Units of measure are owned by UoM Class — for example a Length UoM Class contains member UoMs (inch, foot, metre) with conversion factors between them. A Part picks an Inventory UoM (IUM), Purchasing UoM (PUM) and Sales UoM (SUM) from one or more classes, and the system auto-converts on transactions 117. For metals, textiles and high-value inventory, the Advanced UoM module supports dual-unit transactions 122.
BOMs (Bills of Material) load against the ECO (Engineering Change Order) group of tables — ECORev (revision header), ECOMtl (material lines), ECOOpr (operations). DMT ships a multi-level BOM template that walks parent-child relationships; rev approval is a separate operation and is required before MRP will consider the BOM 54. Resource Groups, Operations and Operation Resources must exist before the BOM lines reference them.
Multi-currency and historical exchange rates
Epicor stores every monetary value in both document currency and base currency (Base, Rpt1, Rpt2, Rpt3 columns). The Daily Exchange Rate table holds rates by date; loading historical AR/AP at original rates requires rate rows to exist on the document date or the load reverts to the current rate.

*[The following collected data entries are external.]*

context
  fixes \<alpha> \<epsilon>0 \<delta>0 r \<epsilon>1 \<delta>1 \<Delta>disc \<Delta> :: real
  assumes params: "\<alpha> > 1" "\<epsilon>0 > 0" "\<delta>0 > 0" "r > 0" "\<epsilon>1 > 0" "\<delta>1 > 0" "\<Delta>disc > 0" "\<Delta> > 0"
begin

abbreviation "\<psi> \<equiv> psi \<alpha> \<epsilon>0 \<delta>0 r \<epsilon>1 \<delta>1 \<Delta>disc \<Delta>"
abbreviation "N \<equiv> N_disc \<Delta> \<Delta>disc"

definition step_eps :: "nat \<Rightarrow> real" where
  "step_eps i = \<epsilon>0 + \<epsilon>1 * (\<Delta>disc * real (i - 1)) powr r"

definition step_delta :: "nat \<Rightarrow> real" where
  "step_delta i = \<delta>0 + \<delta>1 * (\<Delta>disc * real (i - 1)) powr r"

lemma step_eps_nonneg: "step_eps i \<ge> 0"
  unfolding step_eps_def using params by simp

lemma step_delta_pos: "step_delta i > 0"
  unfolding step_delta_def using params by (simp add: add_pos_nonneg)

lemma step_delta_mono: "i \<le> j \<Longrightarrow> step_delta i \<le> step_delta j"
  unfolding step_delta_def using params by (auto intro!: mult_left_mono powr_mono2)

lemma psi_0: "\<psi> 0 = 0"
  by (subst psi.simps) simp

lemma psi_eq:
  "n > 0 \<Longrightarrow> \<psi> n = Min ((\<lambda>i. L_fun \<alpha> (\<psi> (n - i)) (step_eps i) (step_delta i)) ` {1..min n N})"
  by (subst psi.simps) (simp add: step_eps_def step_delta_def)

lemma psi_le_L_fun:
  assumes "1 \<le> i" "i \<le> n" "i \<le> N"
  shows "\<psi> n \<le> L_fun \<alpha> (\<psi> (n - i)) (step_eps i) (step_delta i)"
proof -
  have "n > 0" using assms by simp
  then show ?thesis unfolding psi_eq[OF \<open>n > 0\<close>] using assms by (intro Min_le) auto
qed

lemma psi_range: "\<psi> n \<in> {0..1}"
proof (induction n rule: less_induct)
  case (less n)
  show ?case
  proof (cases "n = 0")
    case False
    then have "n > 0" by simp
    then have "\<psi> n \<in> (\<lambda>i. L_fun \<alpha> (\<psi> (n - i)) (step_eps i) (step_delta i)) ` {1..min n N}"
      unfolding psi_eq[OF \<open>n > 0\<close>] using N_disc_pos[OF params(8,7)] by (intro Min_in) auto
    then obtain i where "i \<in> {1..min n N}" "\<psi> n = L_fun \<alpha> (\<psi> (n - i)) (step_eps i) (step_delta i)"
      by blast
    moreover from this have "\<psi> (n - i) \<in> {0..1}" using less \<open>n > 0\<close> by simp
    ultimately show ?thesis
      using L_fun_range[OF params(1) step_eps_nonneg[of i] step_delta_pos[of i]] by force
  qed (simp add: psi_0)
qed

lemma psi_Suc_mono: "\<psi> n \<le> \<psi> (Suc n)"
proof (induction n rule: less_induct)
  case (less n)
  show ?case
  proof (cases "n = 0")
    case True
    then show ?thesis using psi_range[of 1] by (simp add: psi_0)
  next
    case False
    have "\<psi> n \<le> L_fun \<alpha> (\<psi> (Suc n - i)) (step_eps i) (step_delta i)"
      if i: "1 \<le> i" "i \<le> Suc n" "i \<le> N" for i
    proof (cases "i \<le> n")
      case True
      have "\<psi> (n - i) \<le> \<psi> (Suc n - i)"
        using less[of "n - i"] i True by (simp add: Suc_diff_le)
      then have "L_fun \<alpha> (\<psi> (n - i)) (step_eps i) (step_delta i)
          \<le> L_fun \<alpha> (\<psi> (Suc n - i)) (step_eps i) (step_delta i)"
        using psi_range by (intro L_fun_mono[OF params(1) step_eps_nonneg step_delta_pos]) auto
      then show ?thesis using psi_le_L_fun[OF i(1) True i(3)] by linarith
    next
      case False
      with i have "i = Suc n" by simp
      have "\<psi> n \<le> L_fun \<alpha> (\<psi> 0) (step_eps n) (step_delta n)"
        using psi_le_L_fun[of n n] \<open>n \<noteq> 0\<close> i \<open>i = Suc n\<close> by simp
      also have "\<dots> = min (step_delta n) 1"
        by (simp add: psi_0 L_fun_zero[OF params(1) step_eps_nonneg step_delta_pos])
      also have "\<dots> \<le> min (step_delta i) 1"
        using step_delta_mono[of n i] \<open>i = Suc n\<close> by simp
      also have "\<dots> = L_fun \<alpha> (\<psi> (Suc n - i)) (step_eps i) (step_delta i)"
        using \<open>i = Suc n\<close> by (simp add: psi_0 L_fun_zero[OF params(1) step_eps_nonneg step_delta_pos])
      finally show ?thesis .
    qed
    then show ?thesis
      using N_disc_pos[OF params(8,7)] unfolding psi_eq[OF zero_less_Suc] by (intro Min.boundedI) auto
  qed
qed

lemma psi_mono: "mono \<psi>"
  by (simp add: mono_iff_le_Suc psi_Suc_mono)

lemma psi_indist:
  assumes "n' < n" "n - n' \<le> N" "step_delta (n - n') < 1"
  shows "bern_indist \<alpha> (exp ((\<alpha> - 1) * step_eps (n - n'))) (step_delta (n - n')) (\<psi> n) (\<psi> n')"
proof -
  have "\<psi> n' \<le> \<psi> n" using psi_mono assms(1) by (simp add: monoD)
  moreover have "\<psi> n \<le> L_fun \<alpha> (\<psi> n') (step_eps (n - n')) (step_delta (n - n'))"
    using psi_le_L_fun[of "n - n'" n] assms by simp
  ultimately show ?thesis
    using le_L_fun_iff[OF params(1) step_eps_nonneg step_delta_pos assms(3)] psi_range by auto
qed

lemma step_cost_le:
  assumes "0 \<le> x'" "x - x' \<le> \<Delta>" "nat \<lfloor>x'/\<Delta>disc\<rfloor> < nat \<lfloor>x/\<Delta>disc\<rfloor>"
  defines "k \<equiv> nat \<lfloor>x/\<Delta>disc\<rfloor> - nat \<lfloor>x'/\<Delta>disc\<rfloor>"
  shows "k \<le> N" "step_delta k \<le> coord_cost r \<delta>0 \<delta>1 x x'" "step_eps k \<le> coord_cost r \<epsilon>0 \<epsilon>1 x x'"
proof -
  note gap = nat_floor_div_gap[OF assms(1) params(7) assms(3,2), folded k_def]
  then show "k \<le> N" by simp
  have "x \<noteq> x'" using assms(3) by auto
  have "(\<Delta>disc * real (k - 1)) powr r \<le> \<bar>x - x'\<bar> powr r"
    using gap(1) params by (intro powr_mono2) auto
  then show "step_delta k \<le> coord_cost r \<delta>0 \<delta>1 x x'" "step_eps k \<le> coord_cost r \<epsilon>0 \<epsilon>1 x x'"
    unfolding step_delta_def step_eps_def coord_cost_def using \<open>x \<noteq> x'\<close> params by simp_all
qed

lemma phi_gap_witnesses:
  assumes "0 \<le> x'" "x - x' \<le> \<Delta>" "nat \<lfloor>x'/\<Delta>disc\<rfloor> < nat \<lfloor>x/\<Delta>disc\<rfloor>"
    and "coord_cost r \<delta>0 \<delta>1 x x' < 1"
  defines "\<phi> \<equiv> phi \<alpha> \<epsilon>0 \<delta>0 r \<epsilon>1 \<delta>1 \<Delta>disc \<Delta>"
    and "d \<equiv> coord_cost r \<delta>0 \<delta>1 x x'" and "E \<equiv> exp ((\<alpha> - 1) * coord_cost r \<epsilon>0 \<epsilon>1 x x')"
  shows "\<exists>a c. bern_component d (\<phi> x) a \<and> bern_component d (\<phi> x') c \<and> bern_renyi_bounded \<alpha> E a c"
    and "\<exists>a c. bern_component d (\<phi> x') a \<and> bern_component d (\<phi> x) c \<and> bern_renyi_bounded \<alpha> E a c"
proof -
  define n n' where "n = nat \<lfloor>x/\<Delta>disc\<rfloor>" and "n' = nat \<lfloor>x'/\<Delta>disc\<rfloor>"
  define k where "k = n - n'"
  note cost = step_cost_le[OF assms(1-3), folded n_def n'_def k_def]
  have \<phi>: "\<phi> x = \<psi> n" "\<phi> x' = \<psi> n'" unfolding \<phi>_def phi_def n_def n'_def by simp_all
  have "n' < n" using assms(3) unfolding n_def n'_def .
  have "step_delta k < 1" using cost(2) assms(4) by simp
  have E: "exp ((\<alpha> - 1) * step_eps k) \<ge> 1" using params(1) step_eps_nonneg by simp
  have "\<psi> n' \<le> \<psi> n" using psi_mono \<open>n' < n\<close> by (simp add: monoD)
  note witnesses = bern_indist_witnesses[OF E step_delta_pos \<open>step_delta k < 1\<close> _ this _
      psi_indist[OF \<open>n' < n\<close> cost(1)[unfolded k_def] \<open>step_delta k < 1\<close>[unfolded k_def], folded k_def]]
  have "exp ((\<alpha> - 1) * step_eps k) \<le> E"
    unfolding E_def using cost(3) params(1) by simp
  then have weaken: "bern_component d p a \<and> bern_component d q c \<and> bern_renyi_bounded \<alpha> E a c"
    if "bern_component (step_delta k) p a" "bern_component (step_delta k) q c"
      "bern_renyi_bounded \<alpha> (exp ((\<alpha> - 1) * step_eps k)) a c" for p q a c
    using that cost(2) unfolding d_def by (blast intro: bern_component_mono bern_renyi_bounded_mono)
  show "\<exists>a c. bern_component d (\<phi> x) a \<and> bern_component d (\<phi> x') c \<and> bern_renyi_bounded \<alpha> E a c"
    and "\<exists>a c. bern_component d (\<phi> x') a \<and> bern_component d (\<phi> x) c \<and> bern_renyi_bounded \<alpha> E a c"
    unfolding \<phi> using witnesses psi_range weaken by (metis atLeastAtMost_iff)+
qed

Build the daily rate table from source history before loading open AR/AP, and post FX revaluation at cutover as a Journal Entry per Book 116.
Fiscal calendar and period close
The Fiscal Calendar in Epicor supports calendar-year, 4-4-5, 4-5-4 and 13-period structures, with up to 12 or 13 periods plus an adjustment period. Build the calendar for the current fiscal year *and* the prior year before posting any historical data; period close in Epicor closes all sub-ledgers and locks posting, and you cannot post to a closed period without re-opening it. For the cutover period, leave it open until the Trial Balance ties out and Finance signs off.
Files, attachments and audit trail
Attachments in Epicor link to records via the XFileRef table — every Customer, Vendor, Part and OrderHed can carry attachments referenced by file path or document-management handle. Kinetic SaaS routes attachments through Epicor ECM (formerly DocStar); on-prem installs point at a file share.
The practical cap on a single attachment is around 175 MB in Kinetic cloud — anything larger errors out after a long spin 105. Bulk attachment migration runs through the ECM Batch Import tab, fed by a CSV of file paths and target XFileRef keys 97.
Audit trail in Epicor is opt-in. Change Log is enabled per table via a Data Directive and captures column-level changes with username and timestamp into the ChgLog table 98. The standard CreatedBy, CreatedOn, ChangedBy and ChangedOn columns are system-managed — DMT stamps them with the current user and current time.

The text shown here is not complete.